After about a dozen viewings, the scene is still hilarious as is much of the film, but the film's humanity, not without its proud and often profane posturing, endures.
In 1993, Peter Burnette edited a marvelous collections of reviews and essays on the film in a book, published by Roundhouse Publishing, with the same title as the film. In his introductory essay, Burnette notes that "Concerned as it is with its own manufacturer, it is a modernist text, and stands, not unworthily, in the self-reflexive tradition of the great modernists of literature like James Joyce, Marcel Proust, Virginia Woolf, and Samuel Beckett....Yet Truffault's self-reflexive gestures in this film go beyond the merely modernist toward what has come, many years after the film was made, to be called the postmodernist....One particularly noteworthy theme is the manner in which the film systematically confounds and dismantles binary oppositions, the (shaky) structure for so much of our thinking, and perhaps for logic itself. One way this challenge is accomplished in the film is through a persistent, critical examination of borders, especially the borders between inside and outside, and the idea of context or frame that gives a border its sense. Another important postmodernist theme with which the film deals concerns the coherence and unity of the individual self."
In an interview in the book with Hélène Larouche Davis, Truffault recounts that had read Goodis's novel shortly after he had written the scenario for Breathless, which would subsequently be directed by Jean Luc Godard. "I was enthused by the dialogue, the poetic tone of the book, the love story, the evocation of the past. I gave the novel to Pierre Braunberger, who was the only producer to take an interest in the young directors, and he liked it a lot and bought the rights to it. Then while working on the adaptation, I felt that it was not right to start with this film. So I offered the script of The 400 Blows to him and he turned it down. He preferred Shoot The Piano Player. So I made The 400 Blows with my father-in-law who was a retired producer," Truffault recounted.

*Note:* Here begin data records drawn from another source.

(* Jensen: R \<mapsto> c / (c + R) is convex and the sum R of the other weights has mean N - 1. *)
lemma eps_z_ge:
  assumes "x \<in> S"
  shows "w x / (w x + real (N - 1)) \<le> eps_z M p q N x"
proof -
  interpret Y: prob_space "PiM {2..N} PQ"
    by (rule prob_space_PiM_PQ)
  define c m where "c = w x" and "m = real (N - 1)"
  define R where "R y = (\<Sum>i\<in>{2..N}. w (y i))" for y
  have "0 < c" "0 \<le> m"
    using assms by (auto simp: c_def m_def supp_iff_w_pos)
  have R_nonneg: "0 \<le> R y" if "y \<in> space (PiM {2..N} PQ)" for y
    unfolding R_def using that by (intro sum_nonneg w_nonneg space_PiM_PQ) auto
  have int_R: "integrable (PiM {2..N} PQ) R"
    unfolding R_def by (intro Bochner_Integration.integrable_sum integrable_w_component) auto
  have "integral\<^sup>L (PiM {2..N} PQ) R = m"
    unfolding R_def m_def by (subst integral_sum_w) auto
  moreover have int_affine: "integrable (PiM {2..N} PQ) (\<lambda>y. c / (c + m)\<^sup>2 * (R y - m))"
    using int_R by (intro integrable_mult_right Bochner_Integration.integrable_diff Y.integrable_const)
  ultimately have "c / (c + m) = (\<integral>y. c / (c + m) - c / (c + m)\<^sup>2 * (R y - m) \<partial>PiM {2..N} PQ)"
    by (subst Bochner_Integration.integral_diff[OF Y.integrable_const int_affine],
        subst integral_mult_right_zero, subst Bochner_Integration.integral_diff[OF int_R Y.integrable_const])
      (use Y.prob_space in simp)
  also have "\<dots> \<le> (\<integral>y. c / (c + R y) \<partial>PiM {2..N} PQ)"
  proof (rule integral_mono)
    show "integrable (PiM {2..N} PQ) (\<lambda>y. c / (c + m) - c / (c + m)\<^sup>2 * (R y - m))"
      using int_affine by (intro Bochner_Integration.integrable_diff Y.integrable_const)
    have "(\<lambda>y. c / (c + R y)) \<in> borel_measurable (PiM {2..N} PQ)"
      unfolding R_def by measurable
    moreover have "\<bar>c / (c + R y)\<bar> \<le> 1" if "y \<in> space (PiM {2..N} PQ)" for y
      using \<open>0 < c\<close> R_nonneg[OF that] by simp
    ultimately show "integrable (PiM {2..N} PQ) (\<lambda>y. c / (c + R y))"
      by (rule Y.integrable_bounded)
    show "c / (c + m) - c / (c + m)\<^sup>2 * (R y - m) \<le> c / (c + R y)"
      if "y \<in> space (PiM {2..N} PQ)" for y
      using \<open>0 < c\<close> \<open>0 \<le> m\<close> R_nonneg[OF that] by (rule divide_add_ge_tangent)
  qed
  also have "\<dots> = eps_z M p q N x"
    by (simp add: eps_z_eq R_def c_def)
  finally show ?thesis
    by (simp add: c_def m_def)
qed
lemma est_prob_concentration:
  assumes \<epsilon>: "\<epsilon> > 0" and \<delta>: "\<delta> > 0"
  shows "\<exists>N>0. \<forall>q. 0 \<le> q \<longrightarrow> q \<le> 1 \<longrightarrow> 1 - \<delta> \<le> est_prob N q (\<lambda>s. \<bar>s - q\<bar> \<le> \<epsilon>)"
proof -
  define N where "N = nat \<lceil>1 / (\<epsilon>\<^sup>2 * \<delta>)\<rceil> + 1"
  have N: "N > 0"
    unfolding N_def by simp
  have "1 / (\<epsilon>\<^sup>2 * \<delta>) \<le> real N"
    unfolding N_def by (simp add: add_increasing real_nat_ceiling_ge)
  then have "1 / (real N * \<epsilon>\<^sup>2) \<le> \<delta>"
    using N \<epsilon> \<delta> by (simp add: field_simps)
  moreover have "2 * exp (- (2 * real N * \<epsilon>\<^sup>2)) \<le> 1 / (real N * \<epsilon>\<^sup>2)"
    using exp_minus_le_inverse[of "2 * real N * \<epsilon>\<^sup>2"] N \<epsilon> by (simp add: field_simps)
  ultimately have "1 - \<delta> \<le> est_prob N q (\<lambda>s. \<bar>s - q\<bar> \<le> \<epsilon>)" if "0 \<le> q" "q \<le> 1" for q
    using est_prob_Hoeffding[OF that N less_imp_le[OF \<epsilon>]] by linarith
  with N show ?thesis
    by blast
qed

lemma est_prob_threshold:
  assumes conc: "\<forall>q. 0 \<le> q \<longrightarrow> q \<le> 1 \<longrightarrow> 1 - \<delta> \<le> est_prob N q (\<lambda>s. \<bar>s - q\<bar> \<le> \<epsilon>)"
    and q: "0 \<le> q" "q \<le> 1"
  shows "q + \<epsilon> \<le> t \<Longrightarrow> 1 - \<delta> \<le> est_prob N q (\<lambda>s. s \<le> t)"
    and "t < q - \<epsilon> \<Longrightarrow> 1 - \<delta> \<le> est_prob N q (\<lambda>s. t < s)"
proof -
  have close: "1 - \<delta> \<le> est_prob N q (\<lambda>s. \<bar>s - q\<bar> \<le> \<epsilon>)"
    using conc q by blast
  show "1 - \<delta> \<le> est_prob N q (\<lambda>s. s \<le> t)" if "q + \<epsilon> \<le> t"
    using close est_prob_mono[OF q, of "\<lambda>s. \<bar>s - q\<bar> \<le> \<epsilon>" "\<lambda>s. s \<le> t" N] that
    by (simp add: abs_le_iff)
  show "1 - \<delta> \<le> est_prob N q (\<lambda>s. t < s)" if "t < q - \<epsilon>"
    using close est_prob_mono[OF q, of "\<lambda>s. \<bar>s - q\<bar> \<le> \<epsilon>" "\<lambda>s. t < s" N] that
    by (simp add: abs_le_iff)
qed

lemma random_device_agree_prob:
  assumes d: "d > 0"
  shows "agree_prob d d (random_device d) = 1 / real d"
proof -
  define c where "c = complex_of_real (1 / sqrt (real d))"
  have R: "random_device d i = c \<cdot>\<^sub>m 1\<^sub>m d" for i
    unfolding random_device_def c_def ..
  have normal: "normal_op (random_device d i)" for i
    unfolding normal_op_def R cadj_smult cadj_one smult_one_mult_smult_one
    by (simp add: mult.commute)
  have "cnj c * c = of_real (1 / real d)"
    unfolding c_def using d by (simp flip: of_real_mult)
  then have "povm (random_device d) i = of_real (1 / real d) \<cdot>\<^sub>m 1\<^sub>m d" for i
    unfolding povm_def R cadj_smult cadj_one smult_one_mult_smult_one by simp
  then have "mtrace (povm (random_device d) i * povm (random_device d) i) = 1 / of_nat d" for i
    using d by (simp add: smult_one_mult_smult_one mtrace_smult[OF one_carrier_mat])
  then have "Re (mtrace (povm (random_device d) i * povm (random_device d) i)) = 1 / real d" for i
    by simp
  then have "agree_prob d d (random_device d) = (\<Sum>i<d. 1 / real d / real d)"
    unfolding agree_prob_def using d normal
    by (simp add: outcome_prob_repeat_maxmixed R)
  then show ?thesis
    using d by simp
qed

definition basis_proj :: "nat \<Rightarrow> nat \<Rightarrow> complex mat" where
  "basis_proj d i = Matrix.mat d d (\<lambda>(a,b). if a = i \<and> b = i then 1 else 0)"

lemma basis_proj_carrier [simp]: "basis_proj d i \<in> carrier_mat d d"
  by (simp add: basis_proj_def)

lemma cadj_basis_proj [simp]: "cadj (basis_proj d i) = basis_proj d i"
  by (intro eq_matI) (auto simp: basis_proj_def)

lemma basis_proj_idem: "basis_proj d i * basis_proj d i = basis_proj d i"
proof -
  have square: "(if P then 1 else 0) * (if P then 1 else 0) = (if P then 1 else 0 :: complex)" for P
    by simp
  show ?thesis
    by (intro eq_matI) (auto simp: basis_proj_def scalar_prod_def square intro!: sum.neutral)
qed

lemma mtrace_basis_proj: "i < d \<Longrightarrow> mtrace (basis_proj d i) = 1"
  by (simp add: basis_proj_def mtrace_def if_distrib sum.delta' cong: if_cong)

lemma proj_device_eq: "proj_device d U i = U * basis_proj d i * cadj U"
  unfolding proj_device_def basis_proj_def ..
(* Let $n>1$, $\lambda\in(0,1)$, and let $X_1,\ldots,X_n$ be a time-homogeneous Markov chain on $\{0,1\}$ with transition matrix $K=\begin{pmatrix}1-\lambda&\lambda\\ \lambda&1-\lambda\end{pmatrix}$ and $X_1\sim\pi=(1/2,1/2)$. Let $f$ satisfy $|f(x_1,\ldots,x_i,\ldots,x_n)-f(x_1,\ldots,\hat x,\ldots,x_n)|\le 1/n$ for all $x^n,\hat x$ and $1\le i\le n$. Then for every $\alpha>1$ (with $\beta=\alpha/(\alpha-1)$) and $t>0$, $$\mathbb{P}\left(\left|f-\mathcal{P}_{\bigotimes_{i=1}^n X_i}(f)\right|\ge t\right)\le 2^{1/\beta}\exp\left(-\frac{2nt^2}{\beta}+\frac{n-1}{\beta}\ln\left(2\left((1-\lambda)^\alpha+\lambda^\alpha\right)^{\frac{1}{\alpha-1}}\right)\right).$$
   Context: $\mathcal{P}_{\bigotimes_{i=1}^n X_i}$ is the product of the marginal laws of $X_1,\ldots,X_n$ (here $\pi^{\otimes n}$), and $\mu(g)=\int g\,d\mu$. *)

theory Defs
  imports Complex_Main
begin

definition cube :: "nat \<Rightarrow> nat list set" where
  "cube n = {xs. length xs = n \<and> set xs \<subseteq> {0,1}}"

definition Kmat :: "real \<Rightarrow> nat \<Rightarrow> nat \<Rightarrow> real" where
  "Kmat lam a b = (if a = b then 1 - lam else lam)"

definition chain_pmf :: "real \<Rightarrow> nat list \<Rightarrow> real" where
  "chain_pmf lam xs = (1/2) * (\<Prod>i<length xs - 1. Kmat lam (xs ! i) (xs ! Suc i))"

definition chain_prob :: "real \<Rightarrow> nat \<Rightarrow> (nat list \<Rightarrow> bool) \<Rightarrow> real" where
  "chain_prob lam n E = (\<Sum>xs\<in>{xs\<in>cube n. E xs}. chain_pmf lam xs)"

text \<open>Expectation of g under the product of the marginals, pi^{\<otimes>n} (uniform on {0,1}^n).\<close>
definition prod_mean :: "nat \<Rightarrow> (nat list \<Rightarrow> real) \<Rightarrow> real" where
  "prod_mean n g = (\<Sum>xs\<in>cube n. (1/2)^n * g xs)"

end

theory Submission
  imports Defs "HOL-Probability.Hoeffding"
begin

(*
  With respect to the uniform law pi^n on {0,1}^n the chain has density
  2^(n-1) * prod_i K(x_i, x_(i+1)).  Hoelder's inequality with conjugate exponents alpha, beta
  bounds the chain probability of an event A by the alpha-norm of this density times
  pi^n(A)^(1/beta); summing the path weights one transition at a time gives
  (alpha-norm)^alpha = (2^(alpha-1) ((1-lam)^alpha + lam^alpha))^(n-1).  Under pi^n the
  coordinates are independent, and McDiarmid's inequality bounds pi^n(|f - pi^n f| >= t) by
  2 exp(-2 n t^2): an exponential-moment induction over the coordinates, each step being
  Hoeffding's lemma for a fair coin, cosh x <= exp(x^2/2).
*)

lemma cosh_le_exp_square:
  fixes x :: real
  shows "cosh x \<le> exp (x\<^sup>2 / 2)"
proof -
  have "cosh \<bar>x\<bar> \<le> exp (\<bar>x\<bar>\<^sup>2 / 2)" for x :: real
  proof -
    have "cosh \<bar>x\<bar> > 0"
      by (simp add: cosh_def add_pos_pos)
    moreover have "1 + (1/2) * (exp (2 * \<bar>x\<bar>) - 1) = exp \<bar>x\<bar> * cosh \<bar>x\<bar>"
      by (simp add: cosh_def exp_minus field_simps flip: exp_add)
    ultimately have "- (2 * \<bar>x\<bar>) * (1/2) + ln (1 + (1/2) * (exp (2 * \<bar>x\<bar>) - 1)) = ln (cosh \<bar>x\<bar>)"
      by (simp add: ln_mult)
    with Hoeffdings_lemma_aux[of "2 * \<bar>x\<bar>" "1/2"] have "ln (cosh \<bar>x\<bar>) \<le> \<bar>x\<bar>\<^sup>2 / 2"
      by (simp add: power2_eq_square)
    with \<open>cosh \<bar>x\<bar> > 0\<close> show ?thesis
      by (metis exp_le_cancel_iff exp_ln)
  qed
  from this[of x] show ?thesis
    by (cases "x \<ge> 0") simp_all
qed

lemma exp_average_le:
  fixes x y :: real
  shows "(exp x + exp y) / 2 \<le> exp ((x + y) / 2 + (x - y)\<^sup>2 / 8)"
proof -
  have "(exp x + exp y) / 2 = exp ((x + y) / 2) * cosh ((x - y) / 2)"
    by (simp add: cosh_def field_simps flip: exp_add)
  also have "\<dots> \<le> exp ((x + y) / 2) * exp (((x - y) / 2)\<^sup>2 / 2)"
    by (intro mult_left_mono cosh_le_exp_square) simp
  also have "\<dots> = exp ((x + y) / 2 + (x - y)\<^sup>2 / 8)"
    by (simp add: power_divide flip: exp_add)
  finally show ?thesis .
qed
lemma superposition_has_real_derivative:
  fixes h h' X :: "real \<Rightarrow> real \<Rightarrow> real" and W :: "real \<Rightarrow> real"
  assumes h_deriv: "\<And>r v. r > 0 \<Longrightarrow> (h r has_real_derivative h' r v) (at v)"
    and h'_bound: "\<And>r v. r > 0 \<Longrightarrow> \<bar>h' r v\<bar> \<le> W r"
    and h0: "\<And>r. r > 0 \<Longrightarrow> h r 0 = 0"
    and h_meas: "\<And>v. set_borel_measurable lborel {0<..} (\<lambda>r. h r v)"
    and W_int: "set_integrable lborel {0<..} W"
    and \<delta>: "\<delta> > 0"
    and X_meas: "\<And>s. \<bar>s - t\<bar> < \<delta> \<Longrightarrow> (\<lambda>r. X r s) \<in> borel_measurable borel"
    and X_bound: "\<And>r. r > 0 \<Longrightarrow> \<bar>X r t\<bar> \<le> B"
    and X_lip: "\<And>r s. r > 0 \<Longrightarrow> \<bar>s - t\<bar> < \<delta> \<Longrightarrow> \<bar>X r s - X r t\<bar> \<le> L * \<bar>s - t\<bar>"
    and X_diff: "AE r in lborel. r > 0 \<longrightarrow> (\<exists>d. (X r has_real_derivative d) (at t))"
  obtains D where "integrable lborel D"
    "AE r in lborel. ((\<lambda>s. indicator {0<..} r * h r (X r s)) has_real_derivative D r) (at t)"
    "((\<lambda>s. LINT r:{0<..}|lborel. h r (X r s)) has_real_derivative (\<integral>r. D r \<partial>lborel)) (at t)"
proof -
  define \<Phi> where "\<Phi> r s = indicator {0<..} r * h r (X r s)" for r s
  have h_lip: "\<bar>h r a - h r b\<bar> \<le> W r * \<bar>a - b\<bar>" if "r > 0" for r a b
    using field_differentiable_bound[of UNIV "h r" "h' r" "W r" a b] h_deriv h'_bound that by simp
  have W_nonneg: "0 \<le> W r" if "r > 0" for r using h'_bound[OF that, of 0] by linarith
  have "continuous_on UNIV (h r)" if "r > 0" for r
    using h_deriv[OF that] by (meson DERIV_isCont continuous_at_imp_continuous_on)
  then have \<Phi>_meas: "(\<lambda>r. \<Phi> r s) \<in> borel_measurable lborel" if "\<bar>s - t\<bar> < \<delta>" for s
    unfolding \<Phi>_def by (rule borel_measurable_superposition[where h=h and X=X, OF _ h_meas X_meas[OF that]])
  have int: "integrable lborel (\<lambda>r. indicator {0<..} r * W r * c)" for c
    using W_int by (simp add: set_integrable_def)
  have \<Phi>_int: "integrable lborel (\<lambda>r. \<Phi> r t)"
  proof (rule Bochner_Integration.integrable_bound[OF int[of B] \<Phi>_meas])
    have "\<bar>h r (X r t)\<bar> \<le> W r * B" if "r > 0" for r
    proof -
      have "\<bar>h r (X r t)\<bar> \<le> W r * \<bar>X r t\<bar>" using h_lip[OF that, of "X r t" 0] h0[OF that] by simp
      also have "\<dots> \<le> W r * B" by (intro mult_left_mono X_bound that W_nonneg)
      finally show ?thesis .
    qed
    then have "norm (\<Phi> r t) \<le> norm (indicator {0<..} r * W r * B)" for r
      by (cases "r > 0") (auto simp: \<Phi>_def intro: order_trans[OF _ abs_ge_self])
    then show "AE r in lborel. norm (\<Phi> r t) \<le> norm (indicator {0<..} r * W r * B)" by simp
  qed (use \<delta> in simp)
  have \<Phi>_lip: "\<bar>\<Phi> r s - \<Phi> r t\<bar> \<le> indicator {0<..} r * W r * L * \<bar>s - t\<bar>" if "\<bar>s - t\<bar> < \<delta>" for r s
  proof (cases "r > 0")
    case True
    have "\<bar>h r (X r s) - h r (X r t)\<bar> \<le> W r * \<bar>X r s - X r t\<bar>" by (rule h_lip[OF True])
    also have "\<dots> \<le> W r * (L * \<bar>s - t\<bar>)" by (intro mult_left_mono X_lip True that W_nonneg)
    finally show ?thesis using True by (simp add: \<Phi>_def mult.assoc)
  qed (simp add: \<Phi>_def)
  have \<Phi>_diff: "AE r in lborel. \<exists>d. (\<Phi> r has_real_derivative d) (at t)"
    using X_diff
  proof eventually_elim
    case (elim r)
    show ?case
    proof (cases "r > 0")
      case True
      then obtain d where d: "(X r has_real_derivative d) (at t)" using elim by blast
      have "\<Phi> r = (\<lambda>s. h r (X r s))" using True by (simp add: \<Phi>_def fun_eq_iff)
      then show ?thesis using DERIV_chain2[OF h_deriv[OF True] d] by auto
    next
      case False
      then have "\<Phi> r = (\<lambda>s. 0)" by (simp add: \<Phi>_def fun_eq_iff)
      then show ?thesis using DERIV_const by metis
    qed
  qed
  obtain D where D: "integrable lborel D" "AE r in lborel. (\<Phi> r has_real_derivative D r) (at t)"
    "((\<lambda>s. \<integral>r. \<Phi> r s \<partial>lborel) has_real_derivative (\<integral>r. D r \<partial>lborel)) (at t)"
    by (rule has_real_derivative_integral_lipschitz[OF \<delta> \<Phi>_meas int[of L] \<Phi>_int \<Phi>_lip \<Phi>_diff])
  have "(\<lambda>s. LINT r:{0<..}|lborel. h r (X r s)) = (\<lambda>s. \<integral>r. \<Phi> r s \<partial>lborel)"
    by (simp add: set_lebesgue_integral_def \<Phi>_def)
  with D show ?thesis unfolding \<Phi>_def by (intro that) auto
qed

lemma preisach_integrand_dissipation:
  fixes g dg :: "real \<Rightarrow> real \<Rightarrow> real" and x :: "real \<Rightarrow> real"
  assumes g_deriv: "\<And>v. (g r has_real_derivative dg r v) (at v)"
    and G_deriv: "\<And>v. (Gpot dg r has_real_derivative v * dg r v) (at v)"
    and "0 \<le> dg r (x t)" and x: "(x has_real_derivative d) (at t)" and "d * (q - x t) \<ge> 0"
    and Dg: "((\<lambda>s. g r (x s)) has_real_derivative Dg) (at t)"
    and DG: "((\<lambda>s. Gpot dg r (x s)) has_real_derivative DG) (at t)"
  shows "0 \<le> q * Dg - DG"
proof -
  have "Dg = dg r (x t) * d" "DG = x t * dg r (x t) * d"
    using DERIV_unique[OF Dg DERIV_chain2[OF g_deriv x]] DERIV_unique[OF DG DERIV_chain2[OF G_deriv x]]
    by auto
  then have "q * Dg - DG = dg r (x t) * (d * (q - x t))" by (simp add: algebra_simps)
  then show ?thesis using assms(3,5) by simp
qed

lemma preisach_dissipation_inequality:
  fixes g dg xi :: "real \<Rightarrow> real \<Rightarrow> real" and \<mu> \<mu>1 q :: "real \<Rightarrow> real"
  assumes g0: "\<And>r. r > 0 \<Longrightarrow> g r 0 = 0"
    and g_deriv: "\<And>r v. r > 0 \<Longrightarrow> (g r has_real_derivative dg r v) (at v)"
    and dg_bound: "\<And>r v. r > 0 \<Longrightarrow> 0 \<le> dg r v \<and> dg r v \<le> \<mu> r"
    and dg_bound1: "\<And>r v. r > 0 \<Longrightarrow> \<bar>v\<bar> * dg r v \<le> \<mu>1 r"
    and mu_int: "set_integrable lborel {0<..} \<mu>" and mu1_int: "set_integrable lborel {0<..} \<mu>1"
    and g_meas: "\<And>v. set_borel_measurable lborel {0<..} (\<lambda>r. g r v)"
    and plays: "\<And>r. r > 0 \<Longrightarrow> play_solution T r q (xi r)"
    and q_cont: "continuous_on {0..T} q" and t: "t \<in> {0<..<T}"
    and q_deriv: "(q has_real_derivative dq) (at t)"
    and xi_diff: "AE r in lborel. r > 0 \<longrightarrow> (\<exists>d. (xi r has_real_derivative d) (at t))"
  obtains dP dU where "(preisach g xi has_real_derivative dP) (at t)"
    "(potential dg xi has_real_derivative dU) (at t)" "dU \<le> q t * dP"
proof -
  \<comment> \<open>the zero extension makes \<open>r \<mapsto> X r s\<close> Borel measurable\<close>
  define X where "X r s = (if 0 < r \<and> s \<in> {0..T} then xi r s else 0)" for r s
  obtain \<delta> B L where \<delta>: "\<delta> > 0" "\<And>s. \<bar>s - t\<bar> < \<delta> \<Longrightarrow> s \<in> {0<..<T}"
    and X: "\<And>s. (\<lambda>r. X r s) \<in> borel_measurable borel" "\<And>r. r > 0 \<Longrightarrow> \<bar>X r t\<bar> \<le> B"
      "\<And>r s. r > 0 \<Longrightarrow> \<bar>s - t\<bar> < \<delta> \<Longrightarrow> \<bar>X r s - X r t\<bar> \<le> L * \<bar>s - t\<bar>"
      "AE r in lborel. r > 0 \<longrightarrow> (\<exists>d. (X r has_real_derivative d) (at t))"
    using play_family_local_regularity[OF plays q_cont t q_deriv xi_diff X_def] by blast
  have dg_abs: "\<bar>dg r v\<bar> \<le> \<mu> r" if "r > 0" for r v using dg_bound[OF that] by simp
  obtain Dg where Dg: "integrable lborel Dg"
      "AE r in lborel. ((\<lambda>s. indicator {0<..} r * g r (X r s)) has_real_derivative Dg r) (at t)"
      "((\<lambda>s. LINT r:{0<..}|lborel. g r (X r s)) has_real_derivative (\<integral>r. Dg r \<partial>lborel)) (at t)"
    by (rule superposition_has_real_derivative[OF g_deriv dg_abs g0 g_meas mu_int \<delta>(1) X]) auto
  have G_deriv: "(Gpot dg r has_real_derivative v * dg r v) (at v)" if "r > 0" for r v
    by (rule Gpot_has_real_derivative[OF g_deriv dg_abs]) (use that in auto)
  have G'_bound: "\<bar>v * dg r v\<bar> \<le> \<mu>1 r" if "r > 0" for r v
    using dg_bound1[OF that] dg_bound[OF that] by (simp add: abs_mult)
  have G0: "Gpot dg r 0 = 0" for r by (simp add: Gpot_def zero_ereal_def[symmetric])
  have G_meas: "set_borel_measurable lborel {0<..} (\<lambda>r. Gpot dg r v)" for v
    by (rule Gpot_measurable[OF g_deriv dg_abs g_meas])
  obtain DG where DG: "integrable lborel DG"
      "AE r in lborel. ((\<lambda>s. indicator {0<..} r * Gpot dg r (X r s)) has_real_derivative DG r) (at t)"
      "((\<lambda>s. LINT r:{0<..}|lborel. Gpot dg r (X r s)) has_real_derivative (\<integral>r. DG r \<partial>lborel)) (at t)"
    by (rule superposition_has_real_derivative[where h'="\<lambda>r v. v * dg r v",
          OF G_deriv G'_bound G0 G_meas mu1_int \<delta>(1) X])
  have X_eq: "X r s = xi r s" if "r > 0" "s \<in> {0<..<T}" for r s using that by (simp add: X_def)
  have "(LINT r:{0<..}|lborel. g r (X r s)) = preisach g xi s"
    "(LINT r:{0<..}|lborel. Gpot dg r (X r s)) = potential dg xi s" if "s \<in> {0<..<T}" for s
    unfolding preisach_def potential_def using that by (auto intro!: set_lebesgue_integral_cong simp: X_eq)
  then have derivs: "(preisach g xi has_real_derivative (\<integral>r. Dg r \<partial>lborel)) (at t)"
    "(potential dg xi has_real_derivative (\<integral>r. DG r \<partial>lborel)) (at t)"
    using has_field_derivative_transform_within_open[OF Dg(3), of "{0<..<T}"]
      has_field_derivative_transform_within_open[OF DG(3), of "{0<..<T}"] t by auto
  have "AE r in lborel. 0 \<le> q t * Dg r - DG r"
    using X(4) Dg(2) DG(2)
  proof eventually_elim
    case (elim r)
    show ?case
    proof (cases "r > 0")
      case True
      then obtain d where d: "(X r has_real_derivative d) (at t)" using elim(1) by blast
      then have "(xi r has_real_derivative d) (at t)"
        by (rule has_field_derivative_transform_within_open[where S="{0<..<T}"]) (use t True X_eq in auto)
      from play_derivative_sign[OF plays[OF True] True q_cont t this] have sign: "d * (q t - X r t) \<ge> 0"
        using X_eq[OF True t] by simp
      show ?thesis
        by (rule preisach_integrand_dissipation[where g=g and dg=dg and r=r and x="X r",
              OF g_deriv[OF True] G_deriv[OF True] _ d sign])
          (use elim(2,3) True dg_bound in auto)
    next
      case False
      then have "((\<lambda>s. 0) has_real_derivative Dg r) (at t)" "((\<lambda>s. 0) has_real_derivative DG r) (at t)"
        using elim(2,3) by simp_all
      then have "Dg r = 0" "DG r = 0" using DERIV_unique[OF _ DERIV_const] by blast+
      then show ?thesis by simp
    qed
  qed
  then have "0 \<le> (\<integral>r. q t * Dg r - DG r \<partial>lborel)" by (rule integral_nonneg_AE)
  also have "\<dots> = q t * (\<integral>r. Dg r \<partial>lborel) - (\<integral>r. DG r \<partial>lborel)" using Dg(1) DG(1) by simp
  finally show ?thesis using derivs by (intro that) auto
qed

Truffault's intent was to create an "abstract" film that was a pastiche/parody of American cinema as well as explore a man's different feelings towards different women. He selected Aznavour because he "liked his face, the way he moved." Nicole Berger, who was Braunberger's stepdaughter, had acted in several films including the excellent The Game of Love and was, according to Truffault, "a very sensitive girl, sad and interesting." "Michele Mercier was a dancer and not well known," Truffault continued, and Marie Dubois was "the result of a search...for someone to convey the idea of purity." "...when I saw her, I was sure she was the right one. She finally came at the last minute. We hardly had time to buy her a raincoat for her part and she started right away. Actually I named her Marie Dubois, because her name was not good for an actress. Her name was Claudine Huzeé [In French Huzé is pronounced like usée and means 'worn out.']. Since I liked that novel by Jacques Audiberti entitled Marie Dubois, which is a great portrait of a woman, I proposed that name to her and she agreed to be named Marie Dubois. And Audiberti was very happy."
For Truffault, the film transcends being a gangster movie and becomes something of a fairy tale in which there are "no privileged people", "you must love them all equally," he stated in another interview in the book with Yvonne Baby.